This viaduct was the site of the construction of the Lavalin Skytrain project, which was the first electric train line of Bangkok. The construction route had been studied since 1979 until the construction contract was signed in 1990. After only 2 years, Lavalin Company was facing financial problems so the project had to be abandoned, leaving only the bridge. Subsequently, Bangkok Metropolitan Administration teamed up with the Urban Design and Development Center (UDDC), as well as the Office of the Health Promotion Fund and Chulalongkorn University to develop the landscape in the Kudi Chin area to the Khlong San area.
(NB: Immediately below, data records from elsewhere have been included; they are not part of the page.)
lemma lin_span_kernel_subset:
  assumes l: "linear_functional l" and B: "finite B" and v0: "v0 \<in> B" "l v0 \<noteq> 0"
    and x: "x \<in> lin_span B" "l x = 0"
  shows "x \<in> lin_span ((\<lambda>v i. v i - l v / l v0 * v0 i) ` (B - {v0}))"
proof -
  define \<phi> where "\<phi> v = (\<lambda>i. v i - l v / l v0 * v0 i)" for v
  obtain a where xa: "x = (\<lambda>i. \<Sum>v\<in>B. a v * v i)"
    using x(1) unfolding lin_span_def by blast
  have l_\<phi>: "l (\<phi> v) = 0" for v
    unfolding \<phi>_def linear_functional_diff[OF l] using v0(2) by simp
  define x' where "x' = (\<lambda>i. \<Sum>v\<in>B - {v0}. a v * \<phi> v i)"
  define \<kappa> where "\<kappa> = a v0 + (\<Sum>v\<in>B - {v0}. a v * (l v / l v0))"
  have x'_mem: "x' \<in> lin_span (\<phi> ` (B - {v0}))"
    unfolding x'_def using B
    by (intro lin_subspace_sum[OF lin_subspace_lin_span] in_lin_span) auto
  have x_decomp: "x = (\<lambda>i. x' i + \<kappa> * v0 i)"
  proof
    fix i
    have "x i = a v0 * v0 i + (\<Sum>v\<in>B - {v0}. a v * v i)"
      using xa B v0(1) by (simp add: sum.remove)
    moreover have "x' i = (\<Sum>v\<in>B - {v0}. a v * v i) - (\<Sum>v\<in>B - {v0}. a v * (l v / l v0)) * v0 i"
    proof -
      have "x' i = (\<Sum>v\<in>B - {v0}. a v * v i - (a v * (l v / l v0)) * v0 i)"
        unfolding x'_def \<phi>_def by (intro sum.cong refl) (simp add: right_diff_distrib mult.assoc)
      then show ?thesis by (simp only: sum_subtractf sum_distrib_right)
    qed
    ultimately show "x i = x' i + \<kappa> * v0 i"
      by (simp add: \<kappa>_def algebra_simps)
  qed
  have "l x' = (\<Sum>v\<in>B - {v0}. a v * l (\<phi> v))"
    unfolding x'_def using B by (intro linear_functional_sum[OF l]) simp
  also have "\<dots> = 0"
    by (simp add: l_\<phi>)
  finally have "l x = \<kappa> * l v0"
    using x_decomp linear_functional_lincomb[OF l, of 1 x' \<kappa> v0] by simp
  then have "\<kappa> = 0" using x(2) v0(2) by simp
  then show ?thesis using x_decomp x'_mem by (simp add: \<phi>_def)
qed

lemma lin_span_kernel_smaller:
  assumes l: "linear_functional l" and B: "finite B" and q: "q \<in> lin_span B" "l q \<noteq> 0"
  shows "\<exists>B'. finite B' \<and> card B' < card B \<and> lin_span B' = {x \<in> lin_span B. l x = 0}"
proof -
  obtain c where "q = (\<lambda>i. \<Sum>v\<in>B. c v * v i)"
    using q(1) unfolding lin_span_def by blast
  then have "l q = (\<Sum>v\<in>B. c v * l v)"
    using linear_functional_sum[OF l B] by simp
  then obtain v0 where v0: "v0 \<in> B" "l v0 \<noteq> 0"
    using q(2) by (metis (no_types, lifting) mult_zero_right sum.neutral)
  define B' where "B' = (\<lambda>v i. v i - l v / l v0 * v0 i) ` (B - {v0})"
  have "card B' \<le> card (B - {v0})"
    unfolding B'_def using B by (intro card_image_le) simp
  also have "\<dots> < card B"
    using v0(1) B by (intro card_Diff1_less)
  finally have "card B' < card B" .
  moreover have "lin_span B' \<subseteq> {x \<in> lin_span B. l x = 0}"
  proof (rule lin_span_subset)
    show "B' \<subseteq> {x \<in> lin_span B. l x = 0}"
    proof
      fix x assume "x \<in> B'"
      then obtain v where v: "v \<in> B" "x = (\<lambda>i. v i - l v / l v0 * v0 i)"
        unfolding B'_def by blast
      have "x \<in> lin_span B"
        unfolding v(2) using B v(1) v0(1)
        by (intro lin_subspace_diff[OF lin_subspace_lin_span] in_lin_span)
      moreover have "l x = 0"
        unfolding v(2) linear_functional_diff[OF l] using v0(2) by simp
      ultimately show "x \<in> {x \<in> lin_span B. l x = 0}" by simp
    qed
  qed (use B lin_subspace_kernel[OF lin_subspace_lin_span l] in \<open>auto simp: B'_def\<close>)
  moreover have "{x \<in> lin_span B. l x = 0} \<subseteq> lin_span B'"
    unfolding B'_def using lin_span_kernel_subset[OF l B v0] by blast
  moreover have "finite B'"
    using B by (simp add: B'_def)
  ultimately show ?thesis
    by blast
qed

section \<open>Polynomial functions\<close>

inductive polyfun :: "nat \<Rightarrow> ((nat \<Rightarrow> 'a::comm_ring_1) \<Rightarrow> 'a) \<Rightarrow> bool" for m where
  polyfun_var: "i < m \<Longrightarrow> polyfun m (\<lambda>x. x i)"
| polyfun_const: "polyfun m (\<lambda>x. c)"
| polyfun_add: "polyfun m f \<Longrightarrow> polyfun m g \<Longrightarrow> polyfun m (\<lambda>x. f x + g x)"
| polyfun_mult: "polyfun m f \<Longrightarrow> polyfun m g \<Longrightarrow> polyfun m (\<lambda>x. f x * g x)"

lemma polyfun_sum:
  "finite A \<Longrightarrow> (\<And>a. a \<in> A \<Longrightarrow> polyfun m (f a)) \<Longrightarrow> polyfun m (\<lambda>x. \<Sum>a\<in>A. f a x)"
  by (induction A rule: finite_induct) (auto intro: polyfun.intros)

lemma polyfun_prod:
  "finite A \<Longrightarrow> (\<And>a. a \<in> A \<Longrightarrow> polyfun m (f a)) \<Longrightarrow> polyfun m (\<lambda>x. \<Prod>a\<in>A. f a x)"
  by (induction A rule: finite_induct) (auto intro: polyfun.intros)

lemma polyfun_power: "polyfun m f \<Longrightarrow> polyfun m (\<lambda>x. f x ^ k)"
  by (induction k) (auto intro: polyfun.intros)

lemma polyfun_cong: "polyfun m f \<Longrightarrow> (\<And>i. i < m \<Longrightarrow> x i = y i) \<Longrightarrow> f x = f y"
  by (induction rule: polyfun.induct) auto

lemma polyfun_compose:
  "polyfun m f \<Longrightarrow> (\<And>i. i < m \<Longrightarrow> polyfun k (h i)) \<Longrightarrow> polyfun k (\<lambda>a. f (\<lambda>i. h i a))"
  by (induction rule: polyfun.induct) (auto intro: polyfun.intros)

lemma finite_monoms_le: "finite (monoms_le m D)"
proof -
  have "monoms_le m D \<subseteq> {f. \<forall>x. (x \<in> {..<m} \<longrightarrow> f x \<in> {..D}) \<and> (x \<notin> {..<m} \<longrightarrow> f x = 0)}"
  proof
    fix \<alpha> assume \<alpha>: "\<alpha> \<in> monoms_le m D"
    have "\<alpha> x \<le> D" if "x < m" for x
    proof -
      have "\<alpha> x \<le> (\<Sum>i<m. \<alpha> i)" using that by (intro member_le_sum) auto
      then show ?thesis using \<alpha> by (auto simp: monoms_le_def)
    qed
    then show "\<alpha> \<in> {f. \<forall>x. (x \<in> {..<m} \<longrightarrow> f x \<in> {..D}) \<and> (x \<notin> {..<m} \<longrightarrow> f x = 0)}"
      using \<alpha> by (auto simp: monoms_le_def)
  qed
  then show ?thesis
    by (rule finite_subset) (intro finite_set_of_finite_funs, auto)
qed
Therefore, there developed a project to renovate the remains of this abandoned viaduct to be a public park in the middle of the river. It was designed by N7A, in charge of architecture, and Land Process, in charge of landscape architecture, which was originally named Phra Prajadhipok Bridge Sky Park. It was later forwarded to Bangkok in 2018 by SGR Company, which bid for the project at a price of 122 million baht. The project was constructed in March 2019 and the contract expired in March 2020. Bangkok Metropolitan Administration organized a contest to name this park in the middle of the river again. The name that won the contest was "Chao Phraya Sky Park" and the park officially opened on June 25, 2020.

== Design ==
An architect from N7A named Mr. Chakdao Navacharoen said the initial issue was quite challenging. The first building was constructed for the electric train project. The first drawback is that the project's placement is between a driveway with three lanes on both sides, making the bridge's walkway extremely small. However, the project's location is a benefit. Although it is obstructed by traffic on the Phra Pok Klao Bridge, it is still possible to see both the Memorial Bridge and Wat Arun.

== Location ==
The Chao Phraya Sky Park located in the middle between 2 lanes of Phra Pok Klao Bridge.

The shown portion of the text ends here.